Eagle & Pearl operated locally in London, U.K. During the early to mid 1800s, John Treweek operated what became the main store located on Princes Court, St. Lukes, and was continued there for some time by his descendants.

After the expansion of the 18th century, Eagle & Pearl suffered from the effects of continuous wars during the 19th and 20th centuries and many of the owner operators either accepted voluntary insolvency due to a lack of heirs and adequately trained employees or separated their stores from the consortium.

In 1849, the Eagle and Pearl store on Great Suffolk Street was mentioned in the novel titled "The King and the Countess" where a maid was sent by Gardelle, the master of the house, to the store with a letter to request a receipt be written by Mr. Broshet, the owner of the store, and was signed for by the maid and returned to Gardelle.

In Russia watches set with gems were fashionable among the royalty and the wealthy. The Kremlin Museum has a number of them, including a gem-set watch by Peter Parquot Sr, made probably in a Dresden workshop, with a rock crystal and enamel case from the Cabinet of Tsar Nicolas II of Russia (Inv.
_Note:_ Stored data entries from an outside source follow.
lemma in_low_rank_costsI:
  fixes v :: "coord \<Rightarrow> real" and lam :: "real vec" and n :: "nat \<Rightarrow> nat" and m :: nat
    and A :: "nat \<Rightarrow> nat \<Rightarrow> real mat"
  defines "S \<equiv> \<lambda>j a b. Sblk n m A (Cmat_of n v) lam j $$ (a, b)"
  assumes v: "v \<in> PiE (cost_coords l n d) (\<lambda>_. UNIV)"
    and R: "\<And>j. j < l \<Longrightarrow> Rs j \<subseteq> {..<n j}"
    and sym: "\<And>j. j < l \<Longrightarrow> symmetric_on (n j) (S j)"
    and span: "\<And>j. j < l \<Longrightarrow> \<forall>a<n j. \<exists>co. \<forall>b<n j. S j b a = (\<Sum>s\<in>Rs j. co s * S j b s)"
    and c: "\<And>t. t < d \<Longrightarrow> v (Inr t) = (\<Sum>i<m. lam $ i * A0 i $ t)"
  shows "v \<in> low_rank_costs l n d m A A0 Rs"
proof -
  define H where "H j = (SOME H. (\<forall>a\<in>Rs j. \<forall>s. H a s = (if a = s then 1 else 0)) \<and>
      (\<forall>a<n j. \<forall>a'<n j. S j a a' = (\<Sum>s\<in>Rs j. \<Sum>t\<in>Rs j. H a s * H a' t * S j s t)))" for j
  have H: "(\<forall>a\<in>Rs j. \<forall>s. H j a s = (if a = s then 1 else 0)) \<and>
      (\<forall>a<n j. \<forall>a'<n j. S j a a' = (\<Sum>s\<in>Rs j. \<Sum>t\<in>Rs j. H j a s * H j a' t * S j s t))"
    if "j < l" for j
    unfolding H_def by (rule someI_ex[OF symmetric_spanned_factorization[OF sym R span[OF that]]]) fact+
  then have H_unit: "\<And>j a s. j < l \<Longrightarrow> a \<in> Rs j \<Longrightarrow> H j a s = (if a = s then 1 else 0)"
    and H_factor: "\<And>j a a'. j < l \<Longrightarrow> a < n j \<Longrightarrow> a' < n j \<Longrightarrow>
      S j a a' = (\<Sum>s\<in>Rs j. \<Sum>t\<in>Rs j. H j a s * H j a' t * S j s t)"
    by blast+
  define w where "w = restrict (\<lambda>q. case q of
      Inl (j, a, a') \<Rightarrow> (if a \<in> Rs j \<and> a' \<in> Rs j then S j a a' else if a \<in> Rs j then H j a' a else H j a a')
    | Inr i \<Rightarrow> lam $ i) (param_coords l n m Rs)"
  have w_lam: "w (Inr i) = lam $ i" if "i < m" for i
    unfolding w_def using that by (simp add: Inr_in_param_coords)
  have "cost_of_params m A A0 Rs w (Inl (j, a, a')) = v (Inl (j, a, a'))"
    if j: "j < l" "a \<le> a'" "a' < n j" for j a a'
  proof -
    have w_entry: "w (Inl (j, min s t, max s t)) = S j s t" if "s \<in> Rs j" "t \<in> Rs j" for s t
      using that R[OF j(1)] j(1) sym[OF j(1)] Inl_in_param_coords[of j l s n t Rs m]
      unfolding w_def symmetric_on_def by (auto simp: min_def max_def)
    have w_coeff: "param_coeff Rs w j b s = H j b s" if "b < n j" "s \<in> Rs j" for b s
      using that R[OF j(1)] j(1) H_unit[OF j(1)] Inl_in_param_coords[of j l b n s Rs m]
      unfolding param_coeff_def w_def by (auto simp: min_def max_def)
    have "cost_of_params m A A0 Rs w (Inl (j, a, a')) =
        (\<Sum>s\<in>Rs j. \<Sum>t\<in>Rs j. H j a s * H j a' t * S j s t) + (\<Sum>i<m. lam $ i * A i j $$ (a, a'))"
      unfolding cost_of_params_def using w_lam w_entry w_coeff j R[OF j(1)]
      by (auto intro!: sum.cong)
    also have "\<dots> = v (Inl (j, a, a'))"
      using H_factor[of j a a'] j unfolding S_def by simp
    finally show ?thesis .
  qed
  moreover have "cost_of_params m A A0 Rs w (Inr t) = v (Inr t)" if "t < d" for t
    unfolding cost_of_params_def using w_lam c[OF that] by simp
  ultimately have "v q = restrict (cost_of_params m A A0 Rs w) (cost_coords l n d) q" for q
    using v by (cases "q \<in> cost_coords l n d") (auto simp: cost_coords_def PiE_iff extensional_def)
  then have "v = restrict (cost_of_params m A A0 Rs w) (cost_coords l n d)" ..
  moreover have "w \<in> PiE (param_coords l n m Rs) (\<lambda>_. UNIV)"
    unfolding w_def by simp
  ultimately show ?thesis
    unfolding low_rank_costs_def by blast
qed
M3-4143).

=== 2002 - 2005 ===

The current owners have continued Eagle & Pearl and in 2002 purchased a 10-year lease on a retail space in Lincoln, U.K. After extensive renovations to the Lincoln property, the lease for the property was sold and the company became an online retailer.

=== 2005 to Present ===

In 2005, The current owners relocated from England to the United States, moving the Eagle & Pearl operation to the U.S., which currently imports and sells jewelry made by Fei Liu, Kit Heath and Clogau.